Generally speaking FEAR is a critical source for various emotions and it has huge impact on our decisions.  Logic does not tell us to be brave or coward.  These behavioral patterns are dictated by emotions, and then logic can take the objective and look for the best way to handle it.

It is my view that FEAR is a major cause for inconsistencies in the behavior of managers.  While most managers try to do well for the sake of the organization, the potential impact on their personal emotions might lead to different decisions.  Thus, the inconsistencies are not irrational – they just reflect the role of their emotions and self-interests.  We can use LOGIC to identify the inconsistency and build the rational explanation for it.  When we fail to do so, it is usually the failure of our logic, not the irrational nature of the person we try to understand.

Caught within the shared paradigms of their business area

A common shared paradigm being challenged

Every business area has its own “best practices” (are they really the best?) and a whole group of paradigms that are shared by everybody in this particular area. The consequence is being caught in a status-quo, where the performance of the organization is stuck and goes slowly down due to the increase in the efforts of every competitor to steal customers from others.

This day-to-day constant fighting to preserve the current state without any leap in performance is the reality of the vast majority of the organizations. It causes them to be satisfied with relatively small profit, or tolerate limited losses, with the feeling that this is the best they can do.  Such businesses succeed to be in a reasonably stable state, but without any hope for better future.

A necessary condition, though far from being sufficient, to get back to good business growth is to be able to challenge one important shared paradigm. Once this is done the organization deviates from the common way all the competitors are going, and by this establish a clear differentiation from the competition.  The risk of not challenging such a paradigm is that a competitor might do it first and this would change the false impression of stability.

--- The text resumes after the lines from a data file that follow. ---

text \<open>The set of numbers \<open>(l + x* \<lambda>*) / d\<close> with \<open>l = d k - a m - b n\<close> and \<open>x*\<close> in the window;
  it will turn out to be the vertical section \<open>S\<close>.\<close>
definition section_set :: "real \<Rightarrow> real \<Rightarrow> int \<Rightarrow> int \<Rightarrow> int \<Rightarrow> real set" where
  "section_set \<theta> \<epsilon> a b d =
     {(of_int (d * k - a * m - b * n) + star_coord \<theta> m n * star_coord \<theta> a b) / of_int d | k m n.
        0 \<le> star_coord \<theta> m n \<and> star_coord \<theta> m n < \<epsilon>}"

text \<open>An irrational tangent forces \<open>cos\<theta> \<noteq> 0\<close> (otherwise \<open>tan\<theta> = 0\<close>).\<close>
lemma cos_nonzero_if_tan_irrational:
  assumes "tan \<theta> \<notin> \<rat>"
  shows "cos \<theta> \<noteq> 0"
  using assms by (auto simp: tan_def)

text \<open>Only the origin has star coordinate zero, since \<open>a sin\<theta> + b cos\<theta> = 0\<close> would make
  \<open>tan\<theta> = -b/a\<close> rational.\<close>
lemma star_coord_nonzero:
  assumes irr: "tan \<theta> \<notin> \<rat>" and ab: "(a, b) \<noteq> (0, 0)"
  shows "star_coord \<theta> a b \<noteq> 0"
proof
  assume zero: "star_coord \<theta> a b = 0"
  have cos: "cos \<theta> \<noteq> 0" using cos_nonzero_if_tan_irrational[OF irr] .
  show False
  proof (cases "a = 0")
    case True
    then have "b = 0" using zero cos by (simp add: star_coord_def)
    with True ab show False by simp
  next
    case False
    then have "tan \<theta> = - of_int b / of_int a"
      using zero cos by (simp add: star_coord_def tan_def field_simps)
    with irr show False by simp
  qed
qed

text \<open>The rotation identity \<open>\<lambda> x = a m + b n - \<lambda>* x*\<close>, a consequence of \<open>sin\<^sup>2 + cos\<^sup>2 = 1\<close>.\<close>
lemma rotation_identity:
  "(of_int a * cos \<theta> - of_int b * sin \<theta>) * (of_int m * cos \<theta> - of_int n * sin \<theta>)
     = of_int (a * m + b * n) - star_coord \<theta> a b * star_coord \<theta> m n"
proof -
  have "(A * C - B * Sn) * (M * C - N * Sn)
      = (A * M + B * N) * (Sn\<^sup>2 + C\<^sup>2) - (A * Sn + B * C) * (M * Sn + N * C)"
    for A B M N C Sn :: real
    by (simp add: power2_eq_square algebra_simps)
  from this[of "of_int a" "cos \<theta>" "of_int b" "sin \<theta>" "of_int m" "of_int n"] show ?thesis
    by (simp add: star_coord_def)
qed

text \<open>Kronecker: the star coordinates of the sublattice \<open>d \<int>\<^sup>2\<close> are dense in \<open>\<real>\<close>.\<close>
lemma star_coord_multiples_dense:
  assumes irr: "tan \<theta> \<notin> \<rat>" and d: "d \<noteq> 0" and r: "r > 0"
  obtains p q :: int where "\<bar>of_int d * star_coord \<theta> p q - z\<bar> < r"
proof -
  define D where "D = of_int d * cos \<theta>"
  have D: "D \<noteq> 0" using cos_nonzero_if_tan_irrational[OF irr] d by (simp add: D_def)
  have "r / \<bar>D\<bar> > 0" using D r by simp
  then obtain h k where hk: "\<bar>of_int k * tan \<theta> - of_int h - z / D\<bar> < r / \<bar>D\<bar>"
    using sequence_of_fractional_parts_is_dense[OF irr] by blast
  have "of_int d * star_coord \<theta> k (-h) - z = D * (of_int k * tan \<theta> - of_int h - z / D)"
    using D by (simp add: D_def star_coord_def tan_def field_simps)
  then have "\<bar>of_int d * star_coord \<theta> k (-h) - z\<bar> = \<bar>D\<bar> * \<bar>of_int k * tan \<theta> - of_int h - z / D\<bar>"
    by (simp add: abs_mult)
  also have "\<dots> < \<bar>D\<bar> * (r / \<bar>D\<bar>)" using hk D by (intro mult_strict_left_mono) auto
  also have "\<dots> = r" using D by simp
  finally show thesis by (rule that)
qed

text \<open>\<open>T\<close> is closed: it is the preimage under \<open>y \<mapsto> d y\<close> of \<open>\<int> + [0, \<epsilon>] L\<close>, the sum of a closed
  and a compact set.\<close>
lemma closed_window_hull:
  assumes d: "d \<noteq> 0"
  shows "closed (window_hull L \<epsilon> d)"
proof -
  define I where "I = (\<lambda>t. t * L) ` {0..\<epsilon>}"
  have "compact I" unfolding I_def
    by (intro compact_continuous_image continuous_intros compact_Icc)
  then have closed_sum: "closed (\<Union>x\<in>(\<int>::real set). \<Union>y\<in>I. {x + y})"
    by (rule closed_compact_sums[OF closed_Ints])
  have "window_hull L \<epsilon> d = (\<lambda>y. of_int d * y) -` (\<Union>x\<in>(\<int>::real set). \<Union>y\<in>I. {x + y})"
  proof (intro set_eqI iffI)
    fix y assume "y \<in> window_hull L \<epsilon> d"
    then obtain l t where "0 \<le> t" "t \<le> \<epsilon>" "y = (of_int l + t * L) / of_int d"
      by (auto simp: window_hull_def)
    then have "t * L \<in> I" and "of_int d * y = of_int l + t * L"
      using d by (auto simp: I_def)
    then show "y \<in> (\<lambda>y. of_int d * y) -` (\<Union>x\<in>(\<int>::real set). \<Union>y\<in>I. {x + y})"
      using Ints_of_int by fastforce
  next
    fix y assume "y \<in> (\<lambda>y. of_int d * y) -` (\<Union>x\<in>(\<int>::real set). \<Union>y\<in>I. {x + y})"
    then obtain l t where t: "0 \<le> t" "t \<le> \<epsilon>" and eq: "of_int d * y = of_int l + t * L"
      by (auto simp: I_def elim!: Ints_cases)
    from eq d have "y = (of_int l + t * L) / of_int d" by (simp add: field_simps)
    with t show "y \<in> window_hull L \<epsilon> d" unfolding window_hull_def by blast
  qed
  with closed_sum show ?thesis
    by (simp add: continuous_closed_vimage continuous_intros)
qed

However, this absolutely necessary step for growth, is very risky as being different does not mean outclassing the competition and it certainly does not mean bringing any new value to customers. Too many times being different from the standard only reduces the perceived value of the customers, who just see the difficulty to get used to something different without any benefit from it.  In other cases the new added value seems to be too expensive for the target market.

Another risk is that even if the organization succeeds to create new value to customers, it does not mean the customers are able to recognize and appreciate the new value. The difficulty is that unexpected added value might require a change in habits, and even when the customer sees the new value as something surprisingly nice (“how come we never got such an offer before”) the move raises suspicions that it is too good to be true.

The point with the risk is that it creates FEAR, which sometimes blocks any attempt to challenge a common paradigm that could lead to a breakthrough. The way FEAR should be handled is full acknowledgment that it is legitimate, but the risk can be handled by logically analyzing it, striving to reduce the risk, or its negative impact, and also creating a safe-network of control with immediate corrective actions to neutralize the negative impact on time.  When the risk is properly evaluated and controlled it is possible to overcome the fear.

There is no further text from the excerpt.